Paper Structure (18 sections, 5 equations, 7 figures, 3 tables)

This paper contains 18 sections, 5 equations, 7 figures, 3 tables.

Figures (7)

  • Figure 1: The illustration of the E2H framework, which could be divided into two stages as described in a) and b). The conformed encoder $\&$ decoder structures shown in part a) first convert the human brain intention to discrete motion keywords. Then in part b) human intention to humanoid robotic control module converts the keyword motion intention to trajectory references. Based on the trajectory references. Given the generated motion reference, the controller model first learns to control policy in the simulation environment then the sim-to-real transfer is performed to get the control model for the physical robot.
  • Figure 2: Illustration of the data collection process, where the left part illustrates the channel layout of the collection system. The EEG-to-motion synchronized data is collected by giving the human subjects a visual prompt as a cue and letting the subjects perform silent speech when actively thinking about the motion keywords.
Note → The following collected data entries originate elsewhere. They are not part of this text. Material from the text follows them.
(* Let $\Gamma=(V,E)$ be a reflexive locally finite $k$-separable graph and let $X$ and $Y$ be $k$-fragments of $\Gamma$. Then $\partial^-(\nabla(X))=\partial(X)$, $\nabla^-(\nabla(X))=X$, and $X\subseteq Y$ if and only if $\nabla(Y)\subseteq\nabla(X)$. In particular, $\nabla(X)$ is a reverse-$k$-semi-fragment of $\Gamma$.
   Context: A graph is a pair $\Gamma=(V,E)$ with $E\subseteq V\times V$. For $x\in V$, $\Gamma(x)=\{y:(x,y)\in E\}$, and $\Gamma(X)=\bigcup_{x\in X}\Gamma(x)$. The reverse graph is $\Gamma^-=(V,E^-)$ with $E^-=\{(x,y):(y,x)\in E\}$. $\Gamma$ is reflexive if $(x,x)\in E$ for all $x$, locally finite if $\Gamma(x),\Gamma^-(x)$ are finite for all $x$. $\partial(X)=\Gamma(X)\setminus X$, $\nabla(X)=V\setminus\Gamma(X)$, and $\partial^-,\nabla^-$ are the same operators for $\Gamma^-$. $\Gamma$ is $k$-separable if there is a finite $X$ with $|X|\ge k$ and $|\nabla(X)|\ge k$; then $\kappa_k(\Gamma)=\min\{|\partial(X)|: X\text{ finite}, |X|\ge k, |\nabla(X)|\ge k\}$. A $k$-fragment is a finite $X$ with $|X|\ge k$, $|\nabla(X)|\ge k$, $|\partial(X)|=\kappa_k(\Gamma)$. A reverse $k$-fragment is a $k$-fragment of $\Gamma^-$. A $k$-semi-fragment of $\Gamma$ is a set $X$ that is either a $k$-fragment of $\Gamma$ or such that $\nabla(X)$ is a $k$-fragment of $\Gamma^-$; a reverse-$k$-semi-fragment of $\Gamma$ is a $k$-semi-fragment of $\Gamma^-$. *)

theory Defs
  imports Main
begin

text \<open>A graph is a pair (V, E) with E a subset of V \<times> V.  All operators are taken
relative to the vertex set V.  The reverse graph is (V, converse E).\<close>

definition graph :: "'a set \<Rightarrow> ('a \<times> 'a) set \<Rightarrow> bool" where
  "graph V E \<longleftrightarrow> E \<subseteq> V \<times> V"

definition nbr :: "('a \<times> 'a) set \<Rightarrow> 'a \<Rightarrow> 'a set" where
  "nbr E x = {y. (x, y) \<in> E}"

definition Nbr :: "('a \<times> 'a) set \<Rightarrow> 'a set \<Rightarrow> 'a set" where
  "Nbr E X = (\<Union>x\<in>X. nbr E x)"

definition bdry :: "('a \<times> 'a) set \<Rightarrow> 'a set \<Rightarrow> 'a set" where
  "bdry E X = Nbr E X - X"

definition nabla :: "'a set \<Rightarrow> ('a \<times> 'a) set \<Rightarrow> 'a set \<Rightarrow> 'a set" where
  "nabla V E X = V - Nbr E X"

definition reflexive_graph :: "'a set \<Rightarrow> ('a \<times> 'a) set \<Rightarrow> bool" where
  "reflexive_graph V E \<longleftrightarrow> (\<forall>x\<in>V. (x, x) \<in> E)"

definition locally_finite :: "'a set \<Rightarrow> ('a \<times> 'a) set \<Rightarrow> bool" where
  "locally_finite V E \<longleftrightarrow> (\<forall>x\<in>V. finite (nbr E x) \<and> finite (nbr (converse E) x))"

text \<open>|A| \<ge> k, where an infinite set has cardinality \<ge> every k.\<close>
definition card_ge :: "'a set \<Rightarrow> nat \<Rightarrow> bool" where
  "card_ge A k \<longleftrightarrow> infinite A \<or> k \<le> card A"

definition admissible :: "'a set \<Rightarrow> ('a \<times> 'a) set \<Rightarrow> nat \<Rightarrow> 'a set \<Rightarrow> bool" where
  "admissible V E k X \<longleftrightarrow> X \<subseteq> V \<and> finite X \<and> k \<le> card X \<and> card_ge (nabla V E X) k"

definition k_separable :: "'a set \<Rightarrow> ('a \<times> 'a) set \<Rightarrow> nat \<Rightarrow> bool" where
  "k_separable V E k \<longleftrightarrow> (\<exists>X. admissible V E k X)"

definition kappa :: "'a set \<Rightarrow> ('a \<times> 'a) set \<Rightarrow> nat \<Rightarrow> nat" where
  "kappa V E k = (LEAST n. \<exists>X. admissible V E k X \<and> n = card (bdry E X))"

definition fragment :: "'a set \<Rightarrow> ('a \<times> 'a) set \<Rightarrow> nat \<Rightarrow> 'a set \<Rightarrow> bool" where
  "fragment V E k X \<longleftrightarrow> admissible V E k X \<and> card (bdry E X) = kappa V E k"

definition semi_fragment :: "'a set \<Rightarrow> ('a \<times> 'a) set \<Rightarrow> nat \<Rightarrow> 'a set \<Rightarrow> bool" where
  "semi_fragment V E k X \<longleftrightarrow> fragment V E k X \<or> fragment V (converse E) k (nabla V E X)"

definition rev_semi_fragment :: "'a set \<Rightarrow> ('a \<times> 'a) set \<Rightarrow> nat \<Rightarrow> 'a set \<Rightarrow> bool" where
  "rev_semi_fragment V E k X \<longleftrightarrow> semi_fragment V (converse E) k X"

end

theory Submission
  imports Defs
begin

(* A vertex y of the boundary of a k-fragment X has an out-neighbour in nabla(X):
   otherwise X + {y} would still be admissible with a strictly smaller boundary,
   contradicting the minimality of kappa_k.  Hence every vertex of bdry(X) lies in
   the reverse boundary of nabla(X), and the opposite inclusion holds in any graph.
   In a reflexive graph the reverse neighbourhood of nabla(X) is then
   nabla(X) + bdry(X), whose complement is X; this double-complement formula turns
   an inclusion nabla(Y) <= nabla(X) back into X <= Y. *)

lemma Nbr_mono: "X \<subseteq> Y \<Longrightarrow> Nbr E X \<subseteq> Nbr E Y"
  by (auto simp: Nbr_def)

lemma nabla_antimono: "X \<subseteq> Y \<Longrightarrow> nabla V E Y \<subseteq> nabla V E X"
  using Nbr_mono[of X Y E] by (auto simp: nabla_def)

lemma Nbr_subset_vertices: "graph V E \<Longrightarrow> Nbr E X \<subseteq> V"
  by (auto simp: graph_def Nbr_def nbr_def)

lemma subset_Nbr_if_reflexive:
  "reflexive_graph V E \<Longrightarrow> X \<subseteq> V \<Longrightarrow> X \<subseteq> Nbr E X"
  by (auto simp: reflexive_graph_def Nbr_def nbr_def)

lemma finite_bdry:
  assumes "locally_finite V E" "X \<subseteq> V" "finite X"
  shows "finite (bdry E X)"
proof -
  have "finite (Nbr E X)"
    using assms unfolding locally_finite_def Nbr_def by auto
  then show ?thesis by (simp add: bdry_def)
qed

lemma kappa_le_card_bdry: "admissible V E k X \<Longrightarrow> kappa V E k \<le> card (bdry E X)"
  unfolding kappa_def by (rule Least_le) blast

lemma bdry_converse_nabla_subset:
  "graph V E \<Longrightarrow> bdry (converse E) (nabla V E X) \<subseteq> bdry E X"
  by (auto simp: graph_def bdry_def nabla_def Nbr_def nbr_def)

lemma fragment_bdry_has_nabla_nbr:
  assumes "graph V E" "locally_finite V E" "fragment V E k X" "y \<in> bdry E X"
  shows "\<exists>z \<in> nabla V E X. (y, z) \<in> E"
proof (rule ccontr)
  assume "\<not> (\<exists>z \<in> nabla V E X. (y, z) \<in> E)"
  then have "nbr E y \<subseteq> Nbr E X"
    using assms(1) by (auto simp: graph_def nabla_def nbr_def)
  then have Nbr_insert: "Nbr E (insert y X) = Nbr E X"
    by (auto simp: Nbr_def)
  have X: "X \<subseteq> V" "finite X" "k \<le> card X" "card_ge (nabla V E X) k"
    and X_min: "card (bdry E X) = kappa V E k"
    using assms(3) by (auto simp: fragment_def admissible_def)
  have y: "y \<in> V" "y \<notin> X"
    using assms(4) Nbr_subset_vertices[OF assms(1)] by (auto simp: bdry_def)
  have "admissible V E k (insert y X)"
    using X y Nbr_insert by (auto simp: admissible_def nabla_def)
  then have "kappa V E k \<le> card (bdry E (insert y X))"
    by (rule kappa_le_card_bdry)
  also have "bdry E (insert y X) = bdry E X - {y}"
    using Nbr_insert by (auto simp: bdry_def)
  also have "card \<dots> < card (bdry E X)"
    using finite_bdry[OF assms(2) X(1,2)] assms(4) by (rule card_Diff1_less)
  finally show False
    using X_min by simp
qed

lemma fragment_bdry_converse_nabla:
  assumes "graph V E" "locally_finite V E" "fragment V E k X"
  shows "bdry (converse E) (nabla V E X) = bdry E X"
proof
  show "bdry (converse E) (nabla V E X) \<subseteq> bdry E X"
    using assms(1) by (rule bdry_converse_nabla_subset)
  show "bdry E X \<subseteq> bdry (converse E) (nabla V E X)"
  proof
    fix y assume y: "y \<in> bdry E X"
    then obtain z where "z \<in> nabla V E X" "(y, z) \<in> E"
      using fragment_bdry_has_nabla_nbr[OF assms] by blast
    moreover have "y \<notin> nabla V E X"
      using y by (auto simp: bdry_def nabla_def)
    ultimately show "y \<in> bdry (converse E) (nabla V E X)"
      by (auto simp: bdry_def Nbr_def nbr_def)
  qed
qed

lemma nabla_converse_nabla:
  assumes "graph V E" "reflexive_graph V E" "X \<subseteq> V"
    and "bdry (converse E) (nabla V E X) = bdry E X"
  shows "nabla V (converse E) (nabla V E X) = X"
proof -
  have "Nbr (converse E) (nabla V E X) = nabla V E X \<union> bdry E X"
    using assms(2,4) by (auto simp: reflexive_graph_def bdry_def nabla_def Nbr_def nbr_def)
  then show ?thesis
    using Nbr_subset_vertices[OF assms(1)] subset_Nbr_if_reflexive[OF assms(2,3)] assms(3)
    by (auto simp: nabla_def bdry_def)
qed

lemma fragment_nabla_converse_nabla:
  assumes "graph V E" "reflexive_graph V E" "locally_finite V E" "fragment V E k X"
  shows "nabla V (converse E) (nabla V E X) = X"
  using assms(4) by (intro nabla_converse_nabla assms(1,2) fragment_bdry_converse_nabla[OF assms(1,3,4)])
    (simp add: fragment_def admissible_def)

lemma subset_iff_nabla_subset:
  assumes "nabla V (converse E) (nabla V E X) = X" "nabla V (converse E) (nabla V E Y) = Y"
  shows "X \<subseteq> Y \<longleftrightarrow> nabla V E Y \<subseteq> nabla V E X"
  using nabla_antimono[of X Y V E] nabla_antimono[of "nabla V E Y" "nabla V E X" V "converse E"]
  by (auto simp: assms)

lemma rev_semi_fragment_nabla_if_fragment:
  assumes "nabla V (converse E) (nabla V E X) = X" "fragment V E k X"
  shows "rev_semi_fragment V E k (nabla V E X)"
  using assms by (simp add: rev_semi_fragment_def semi_fragment_def)

theorem lemma3p2:
  fixes V :: "'a set" and E :: "('a \<times> 'a) set" and k :: nat and X Y :: "'a set"
  assumes "graph V E"
    and "reflexive_graph V E"
    and "locally_finite V E"
    and "k_separable V E k"
    and "fragment V E k X"
    and "fragment V E k Y"
  shows "bdry (converse E) (nabla V E X) = bdry E X
       \<and> nabla V (converse E) (nabla V E X) = X
       \<and> (X \<subseteq> Y \<longleftrightarrow> nabla V E Y \<subseteq> nabla V E X)
       \<and> rev_semi_fragment V E k (nabla V E X)"
proof -
  have X: "nabla V (converse E) (nabla V E X) = X"
    using assms(1-3,5) by (rule fragment_nabla_converse_nabla)
  have Y: "nabla V (converse E) (nabla V E Y) = Y"
    using assms(1-3,6) by (rule fragment_nabla_converse_nabla)
  show ?thesis
    using fragment_bdry_converse_nabla[OF assms(1,3,5)] X subset_iff_nabla_subset[OF X Y]
      rev_semi_fragment_nabla_if_fragment[OF X assms(5)]
    by blast
qed

end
The lower part suggests the brain signal change during the data collection period.
  • Figure 3: Illustration of the EEG classification model. In the classification task, we aim to predict the silently spoken class from the wavelet spectrogram of the multi-channel EEG signals using a Conformer encoder.
  • Figure 4: Illustration of the physical Tien Kung robots E2H utilized.
  • Figure 5: The inference flow of the proposed E2H framework. Subfigure a) denotes how the modules are connected during the inference stage. Subfigure b) denotes that during the interaction, the human subject observes the physical robot and actively adjusts its neural signal through visual feedback.